*** Recorded information Section Begins ***
definition hit_and_miss_type :: "'a::metric_space set set \<Rightarrow> 'a set topology \<Rightarrow> bool" where
  "hit_and_miss_type \<Psi> \<Delta> \<longleftrightarrow> (\<exists>\<E>. (\<forall>E\<in>\<E>. closed E) \<and>
     \<Delta> = topology_generated_by ({hit \<Psi> U | U. open U} \<union> {miss \<Psi> (- E) | E. E \<in> \<E>}))"

definition hit_and_far_miss_type :: "'a::metric_space set set \<Rightarrow> 'a set topology \<Rightarrow> bool" where
  "hit_and_far_miss_type \<Psi> \<Delta> \<longleftrightarrow> (\<exists>\<E>. (\<forall>E\<in>\<E>. closed E) \<and>
     \<Delta> = topology_generated_by ({hit \<Psi> U | U. open U} \<union> {far_miss \<Psi> (- E) | E. E \<in> \<E>}))"

definition admissible :: "'a::metric_space set topology \<Rightarrow> bool" where
  "admissible \<Delta> \<longleftrightarrow> continuous_map euclidean \<Delta> (\<lambda>x. {x})"

end

theory Submission
  imports Defs
begin

text \<open>(i) Every open set of the hyperspace is stable under small Hausdorff perturbations by
  finite sets: this holds for the generating hit, miss and far-miss sets and survives finite
  intersections and unions. Given nonempty open \<U>, \<V>, pick A \<in> \<U>, B \<in> \<V> and finite
  nets C of A and D of B. Weak mixing of all orders yields one time n at which omega n carries every
  small ball around a point of C into every small ball around a point of D; one witness per
  pair gives a finite F close to A with omega n F close to B, so F \<in> \<U> and omega n F \<in> \<V>.

  (ii) Testing weak mixing of the hyperspace on the open sets "hit U" and "miss W", W basic,
  gives weak mixing on X. For a commutative system, Furstenberg's intersection lemma provides,
  for finitely many pairs of nonempty open sets, a single such pair all of whose hitting times
  are common hitting times of the given pairs; hence weak mixing of all orders.\<close>

definition hausdorff_close :: "real \<Rightarrow> 'a::metric_space set \<Rightarrow> 'a set \<Rightarrow> bool" where
  "hausdorff_close e A B \<longleftrightarrow> (\<forall>a\<in>A. \<exists>b\<in>B. dist a b < e) \<and> (\<forall>b\<in>B. \<exists>a\<in>A. dist a b < e)"

lemma hausdorff_close_mono: "hausdorff_close e A B \<Longrightarrow> e \<le> e' \<Longrightarrow> hausdorff_close e' A B"
  unfolding hausdorff_close_def by (meson less_le_trans)

lemma hausdorff_close_trans:
  assumes "hausdorff_close e A B" "hausdorff_close e' B C"
  shows "hausdorff_close (e + e') A C"
  using assms dist_triangle unfolding hausdorff_close_def
  by (meson add_strict_mono le_less_trans)

lemma compact_finite_hausdorff_close_subset:
  fixes A :: "'a::metric_space set"
  assumes "compact A" "e > 0"
  obtains C where "finite C" "C \<subseteq> A" "hausdorff_close e A C"
proof -
  obtain C where C: "finite C" "C \<subseteq> A" "A \<subseteq> (\<Union>c\<in>C. ball c e)"
    using seq_compact_imp_totally_bounded[OF compact_imp_seq_compact[OF \<open>compact A\<close>], rule_format, OF \<open>e > 0\<close>]
    by blast
  have "hausdorff_close e A C"
    unfolding hausdorff_close_def
  proof (intro conjI ballI)
    show "\<exists>c\<in>C. dist a c < e" if "a \<in> A" for a
      using that C(3) by (force simp: dist_commute)
    show "\<exists>a\<in>A. dist a c < e" if "c \<in> C" for c
      using that C(2) \<open>e > 0\<close> by force
  qed
  with C show thesis by (intro that)
qed

lemma finite_hausdorff_close_witness:
  fixes g :: "'a::metric_space \<Rightarrow> 'b::metric_space"
  assumes "finite C" "C \<noteq> {}" "finite D" "D \<noteq> {}"
    and mix: "\<And>c d. c \<in> C \<Longrightarrow> d \<in> D \<Longrightarrow> g ` ball c e \<inter> ball d e \<noteq> {}"
  obtains F where "F \<in> nonempty_finites" "hausdorff_close e C F" "hausdorff_close e D (g ` F)"
proof -
  have "\<forall>p\<in>C \<times> D. \<exists>x. dist (fst p) x < e \<and> dist (snd p) (g x) < e"
    using mix by fastforce
  then obtain x where x: "\<forall>p\<in>C \<times> D. dist (fst p) (x p) < e \<and> dist (snd p) (g (x p)) < e"
    by (meson bchoice)
  define F where "F = x ` (C \<times> D)"
  obtain c0 d0 where "c0 \<in> C" "d0 \<in> D" using assms(2,4) by blast
  have "F \<in> nonempty_finites"
    using assms(1-4) unfolding F_def nonempty_finites_def by auto
  moreover have "hausdorff_close e C F"
    unfolding hausdorff_close_def F_def
  proof (intro conjI ballI)
    show "\<exists>y\<in>x ` (C \<times> D). dist c y < e" if "c \<in> C" for c
      using that \<open>d0 \<in> D\<close> x by force
    show "\<exists>c\<in>C. dist c y < e" if "y \<in> x ` (C \<times> D)" for y
      using that x by force
  qed
  moreover have "hausdorff_close e D (g ` F)"
    unfolding hausdorff_close_def F_def
  proof (intro conjI ballI)
    show "\<exists>y\<in>g ` x ` (C \<times> D). dist d y < e" if "d \<in> D" for d
      using that \<open>c0 \<in> C\<close> x by force
    show "\<exists>d\<in>D. dist d y < e" if "y \<in> g ` x ` (C \<times> D)" for y
      using that x by force
  qed
  ultimately show thesis by (rule that)
qed

definition finite_approx_open :: "'a::metric_space set set \<Rightarrow> bool" where
  "finite_approx_open \<O> \<longleftrightarrow>
     (\<forall>A\<in>\<O>. \<exists>e>0. \<forall>F\<in>nonempty_finites. hausdorff_close e A F \<longrightarrow> F \<in> \<O>)"

lemma finite_approx_open_generate_topology_on:
  assumes "\<And>S. S \<in> \<S> \<Longrightarrow> finite_approx_open S" "generate_topology_on \<S> \<O>"
  shows "finite_approx_open \<O>"
  using assms(2)
proof induction
  case (Int S T)
  show ?case
    unfolding finite_approx_open_def
  proof
    fix A assume "A \<in> S \<inter> T"
    then obtain e e' where "e > 0" "\<forall>F\<in>nonempty_finites. hausdorff_close e A F \<longrightarrow> F \<in> S"
      and "e' > 0" "\<forall>F\<in>nonempty_finites. hausdorff_close e' A F \<longrightarrow> F \<in> T"
      using Int.IH unfolding finite_approx_open_def by blast
    then show "\<exists>e>0. \<forall>F\<in>nonempty_finites. hausdorff_close e A F \<longrightarrow> F \<in> S \<inter> T"
      using hausdorff_close_mono[of "min e e'" A _ e] hausdorff_close_mono[of "min e e'" A _ e']
      by (intro exI[of _ "min e e'"]) auto
  qed
next
  case (UN K)
  then show ?case
    unfolding finite_approx_open_def by (meson UnionE UnionI)
qed (use assms(1) in \<open>auto simp: finite_approx_open_def\<close>)
lemma differentiable_cong_nhds:
  fixes f h :: "'a::real_normed_vector \<Rightarrow> 'b::real_normed_vector"
  assumes "f differentiable (at t)" and "\<forall>\<^sub>F s in nhds t. f s = h s"
  shows "h differentiable (at t)"
proof -
  obtain U where "open U" "t \<in> U" "\<forall>s\<in>U. f s = h s"
    using assms(2) by (auto simp: eventually_nhds)
  then show ?thesis
    using assms(1) unfolding differentiable_def by (metis has_derivative_transform_within_open)
qed

lemma deriv_zero_at_local_min:
  fixes f :: "real \<Rightarrow> real"
  assumes "(f has_field_derivative D) (at t)" "open U" "t \<in> U" "\<And>s. s \<in> U \<Longrightarrow> f t \<le> f s"
  shows "D = 0"
proof -
  have "(\<lambda>h. D * h) = (\<lambda>h. 0)"
    using assms by (intro differential_zero_maxmin[of t U f]) (auto simp: has_field_derivative_def)
  then show ?thesis by (metis mult.right_neutral)
qed

lemma max_const_differentiable:
  fixes V :: "real \<Rightarrow> real"
  assumes V: "(V has_field_derivative V') (at t)" and regular: "V t \<noteq> g \<or> V' = 0"
  shows "(\<lambda>s. max g (V s)) differentiable (at t)"
proof -
  have V_diff: "V differentiable (at t)"
    using V real_differentiable_def by blast
  have lim: "(V \<longlongrightarrow> V t) (nhds t)"
    using DERIV_isCont[OF V] by (simp add: isCont_def tendsto_at_iff_tendsto_nhds)
  consider "g < V t" | "V t < g" | "V t = g" "V' = 0"
    using regular by linarith
  then show ?thesis
  proof cases
    case 1
    have "\<forall>\<^sub>F s in nhds t. V s = max g (V s)"
      using order_tendstoD(1)[OF lim 1] by (rule eventually_mono) auto
    then show ?thesis using V_diff by (rule differentiable_cong_nhds[rotated])
  next
    case 2
    have "\<forall>\<^sub>F s in nhds t. g = max g (V s)"
      using order_tendstoD(2)[OF lim 2] by (rule eventually_mono) auto
    then show ?thesis by (rule differentiable_cong_nhds[rotated]) simp
  next
    case 3
    have "((\<lambda>s. (V s - V t) / (s - t)) \<longlongrightarrow> 0) (at t)"
      using V 3 by (simp add: has_field_derivative_iff)
    then have lim_abs: "((\<lambda>s. \<bar>(V s - V t) / (s - t)\<bar>) \<longlongrightarrow> 0) (at t)"
      by (rule tendsto_rabs_zero)
    have bound: "norm ((max g (V s) - max g (V t)) / (s - t)) \<le> \<bar>(V s - V t) / (s - t)\<bar>" for s
    proof -
      have "\<bar>max g (V s) - max g (V t)\<bar> \<le> \<bar>V s - V t\<bar>" using 3 by auto
      then show ?thesis by (simp add: abs_divide divide_right_mono)
    qed
    have "((\<lambda>s. (max g (V s) - max g (V t)) / (s - t)) \<longlongrightarrow> 0) (at t)"
      by (rule Lim_null_comparison[OF always_eventually lim_abs]) (use bound in blast)
    then have "((\<lambda>s. max g (V s)) has_field_derivative 0) (at t)"
      by (simp only: has_field_derivative_iff)
    then show ?thesis using real_differentiable_def by blast
  qed
qed
(* Let $R$ be a local ring with stable regular maximal ideal $M$, let $R_1=E(M)$, and suppose $R\subseteq R_1$ is a quadratic extension and $R_1$ is a local ring with maximal ideal $M_1$. Let $R_2=E(M_1)$. (1) If $R_1\neq R_2$, then $M_1=MR_2$, $M_1$ is a stable ideal of $R_1$, and $R_1=R+M_1$. (2) If $R_1=R_2$, then $M_1$ is a principal ideal of $R_1$ and $R_1=R+xR$ for every $x\in R_1\setminus R$.
   Context: All rings are commutative with identity; a local ring is a ring with a unique maximal ideal (not necessarily Noetherian). $Q(R)$ is the total ring of quotients. An ideal is regular if it contains a nonzerodivisor. For a regular fractional ideal $I$ of a ring $A$ (an $A$-submodule of $Q(A)$ containing a nonzerodivisor with $bI\subseteq A$ for some nonzerodivisor $b$), $E(I)=\{q\in Q(A):qI\subseteq I\}$, and $I$ is stable if it is projective as an $E(I)$-module. An extension $R\subseteq S$ is quadratic if $xy\in xR+yR+R$ for all $x,y\in S$. *)

theory Defs
  imports Main
begin

text \<open>Convention: all rings live inside an ambient commutative ring of type 'a.  The ambient
  type plays the role of the total ring of quotients Q(R) of the base ring R
  (assumption total_quotient_ring below).\<close>

definition subring :: "'a::comm_ring_1 set \<Rightarrow> bool" where
  "subring A \<longleftrightarrow> 0 \<in> A \<and> 1 \<in> A \<and> (\<forall>x\<in>A. \<forall>y\<in>A. x + y \<in> A \<and> x * y \<in> A \<and> - x \<in> A)"

definition nzd :: "'a::comm_ring_1 set \<Rightarrow> 'a \<Rightarrow> bool" where
  "nzd A b \<longleftrightarrow> b \<in> A \<and> (\<forall>c\<in>A. b * c = 0 \<longrightarrow> c = 0)"
(* For every $n\ge 1$, the maximum number of flippable faces of a locally valid MV assignment of $M_{2,n}$ is $2n$; it is attained by exactly two locally valid MV assignments, and both are colored blue.
   Context: The $2\times n$ Miura-ori $M_{2,n}$ ($n\ge1$) has faces $\alpha_{i,j}$ ($i\in\{1,2\}$, $j\in\{1,\dots,n\}$), interior vertices $x_1,\dots,x_{n-1}$, and creases $e_0$ and $e_{3k-1},e_{3k},e_{3k+1}$ ($k=1,\dots,n-1$). At $x_k$ the creases are left $e_{3k-3}$, top $e_{3k-1}$, right $e_{3k}$, bottom $e_{3k+1}$. Face $\alpha_{1,j}$ is bordered by those of $e_{3j-4}$ (iff $j\ge2$), $e_{3j-3}$, $e_{3j-1}$ (iff $j\le n-1$); $\alpha_{2,j}$ by those of $e_{3j-2}$ (iff $j\ge2$), $e_{3j-3}$, $e_{3j+1}$ (iff $j\le n-1$). An MV assignment $\mu$ maps creases to $\{1,-1\}$; it is locally valid if for each $k$ exactly one of $\mu(e_{3k-1}),\mu(e_{3k}),\mu(e_{3k+1})$ differs from $\mu(e_{3k-3})$. The face flip $\mu_\alpha$ negates $\mu$ on the creases bordering $\alpha$; $\alpha$ is flippable under $\mu$ if $\mu,\mu_\alpha$ are both locally valid; $f(\mu)$ is the number of flippable faces. For $n\ge2$, the restriction of a locally valid $\mu'$ on $M_{2,n}$ to the creases of $M_{2,n-1}$ (all but $e_{3n-4},e_{3n-3},e_{3n-2}$) is a locally valid $\mu$ on $M_{2,n-1}$, and $\mu'$ is colored blue, orange or magenta according as $f(\mu')-f(\mu)=2,1,0$. Both locally valid assignments of $M_{2,1}$ are colored blue. *)

theory Defs
  imports Main
begin

(* Creases of M_{2,n}: e_0 and e_{3k-1}, e_{3k}, e_{3k+1} for k = 1..n-1,
   i.e. the index set {0} \<union> {2..3n-2} (just {0} when n = 1). *)
definition creases :: "nat \<Rightarrow> nat set" where
  "creases n = {0} \<union> (\<Union>k\<in>{1..<n}. {3*k-1, 3*k, 3*k+1})"

definition MV_assignments :: "nat \<Rightarrow> (nat \<Rightarrow> int) set" where
  "MV_assignments n = {\<mu>. (\<forall>e\<in>creases n. \<mu> e \<in> {1, -1}) \<and> (\<forall>e. e \<notin> creases n \<longrightarrow> \<mu> e = 0)}"

(* locally valid: at each interior vertex x_k exactly one of top/right/bottom
   differs from the left crease e_{3k-3} *)
definition locally_valid :: "nat \<Rightarrow> (nat \<Rightarrow> int) \<Rightarrow> bool" where
  "locally_valid n \<mu> \<longleftrightarrow> \<mu> \<in> MV_assignments n \<and>
     (\<forall>k\<in>{1..<n}. card {e \<in> {3*k-1, 3*k, 3*k+1}. \<mu> e \<noteq> \<mu> (3*k-3)} = 1)"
*** Recorded information Section Ends ***
Work order: Within the data above, the span starting at the line containing "b \<longleftrightarrow> b" and ending at the line containing "(* For every" is to be retyped exactly, with no other lines.

Solved exercise:
  "nzd A b \<longleftrightarrow> b \<in> A \<and> (\<forall>c\<in>A. b * c = 0 \<longrightarrow> c = 0)"
(* For every $n\ge 1$, the maximum number of flippable faces of a locally valid MV assignment of $M_{2,n}$ is $2n$; it is attained by exactly two locally valid MV assignments, and both are colored blue.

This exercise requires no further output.